** What is needed **
Only the number is needed. Please count the lines below in which the word "noteq" occurs.

** Dataset extract **
⁂
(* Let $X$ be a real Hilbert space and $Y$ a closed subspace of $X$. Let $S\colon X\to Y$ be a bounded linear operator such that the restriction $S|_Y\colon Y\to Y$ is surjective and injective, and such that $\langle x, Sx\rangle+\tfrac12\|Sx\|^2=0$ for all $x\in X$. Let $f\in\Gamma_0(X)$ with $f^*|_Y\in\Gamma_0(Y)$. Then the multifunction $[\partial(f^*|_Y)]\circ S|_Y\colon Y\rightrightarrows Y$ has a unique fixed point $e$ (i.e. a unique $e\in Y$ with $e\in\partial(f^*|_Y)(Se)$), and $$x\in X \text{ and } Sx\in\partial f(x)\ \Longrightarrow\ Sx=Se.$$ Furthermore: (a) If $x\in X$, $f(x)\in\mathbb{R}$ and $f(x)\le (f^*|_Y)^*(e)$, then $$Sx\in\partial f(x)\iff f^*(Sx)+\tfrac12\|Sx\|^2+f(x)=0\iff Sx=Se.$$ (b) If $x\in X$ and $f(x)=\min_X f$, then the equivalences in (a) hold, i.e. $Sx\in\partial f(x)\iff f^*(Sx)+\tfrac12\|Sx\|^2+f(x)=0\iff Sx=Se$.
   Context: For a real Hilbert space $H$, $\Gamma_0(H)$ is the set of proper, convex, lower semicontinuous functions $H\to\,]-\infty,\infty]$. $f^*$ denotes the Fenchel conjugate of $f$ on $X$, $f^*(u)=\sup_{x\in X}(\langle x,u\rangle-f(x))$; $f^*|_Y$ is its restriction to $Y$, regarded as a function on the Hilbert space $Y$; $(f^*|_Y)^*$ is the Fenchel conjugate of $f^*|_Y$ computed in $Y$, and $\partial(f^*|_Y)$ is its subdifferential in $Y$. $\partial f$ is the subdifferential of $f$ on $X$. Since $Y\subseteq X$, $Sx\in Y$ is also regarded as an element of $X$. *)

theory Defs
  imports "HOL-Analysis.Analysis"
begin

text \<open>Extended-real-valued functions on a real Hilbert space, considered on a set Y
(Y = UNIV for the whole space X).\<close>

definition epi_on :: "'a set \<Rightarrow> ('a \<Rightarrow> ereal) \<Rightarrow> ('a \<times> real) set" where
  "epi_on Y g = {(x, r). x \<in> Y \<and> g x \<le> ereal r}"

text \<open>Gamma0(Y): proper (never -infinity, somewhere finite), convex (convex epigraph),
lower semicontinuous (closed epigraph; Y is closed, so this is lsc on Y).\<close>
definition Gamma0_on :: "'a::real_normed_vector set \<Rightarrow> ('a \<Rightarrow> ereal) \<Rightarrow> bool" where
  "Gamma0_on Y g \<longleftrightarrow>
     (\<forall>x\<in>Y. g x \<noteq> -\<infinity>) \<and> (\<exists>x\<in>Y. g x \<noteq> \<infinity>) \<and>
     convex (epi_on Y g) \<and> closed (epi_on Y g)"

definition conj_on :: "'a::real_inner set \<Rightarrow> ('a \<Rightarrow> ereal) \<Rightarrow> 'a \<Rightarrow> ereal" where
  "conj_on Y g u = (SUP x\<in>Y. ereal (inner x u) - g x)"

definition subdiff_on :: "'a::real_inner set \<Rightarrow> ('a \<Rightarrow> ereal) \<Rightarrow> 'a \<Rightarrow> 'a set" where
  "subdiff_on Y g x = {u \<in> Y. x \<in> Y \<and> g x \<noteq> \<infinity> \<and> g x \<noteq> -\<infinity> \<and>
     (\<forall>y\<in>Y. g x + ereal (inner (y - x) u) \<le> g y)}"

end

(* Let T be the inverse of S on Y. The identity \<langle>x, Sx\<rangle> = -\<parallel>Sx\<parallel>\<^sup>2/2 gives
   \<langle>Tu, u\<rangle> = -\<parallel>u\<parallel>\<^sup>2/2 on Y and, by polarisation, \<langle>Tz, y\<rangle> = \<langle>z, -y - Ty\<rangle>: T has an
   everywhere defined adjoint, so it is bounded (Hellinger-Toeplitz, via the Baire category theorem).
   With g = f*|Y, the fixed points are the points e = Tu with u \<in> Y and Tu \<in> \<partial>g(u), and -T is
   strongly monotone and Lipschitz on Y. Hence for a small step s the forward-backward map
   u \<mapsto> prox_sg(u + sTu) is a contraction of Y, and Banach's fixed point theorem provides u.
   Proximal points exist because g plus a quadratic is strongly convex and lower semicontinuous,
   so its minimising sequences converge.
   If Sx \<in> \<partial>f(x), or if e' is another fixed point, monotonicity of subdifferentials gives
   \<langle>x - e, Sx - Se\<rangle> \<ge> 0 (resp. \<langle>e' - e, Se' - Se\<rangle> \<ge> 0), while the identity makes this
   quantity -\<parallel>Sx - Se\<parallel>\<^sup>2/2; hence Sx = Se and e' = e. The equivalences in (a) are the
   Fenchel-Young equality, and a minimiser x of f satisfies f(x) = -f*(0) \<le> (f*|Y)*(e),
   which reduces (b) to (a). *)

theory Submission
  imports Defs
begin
⁂
** Response below **
2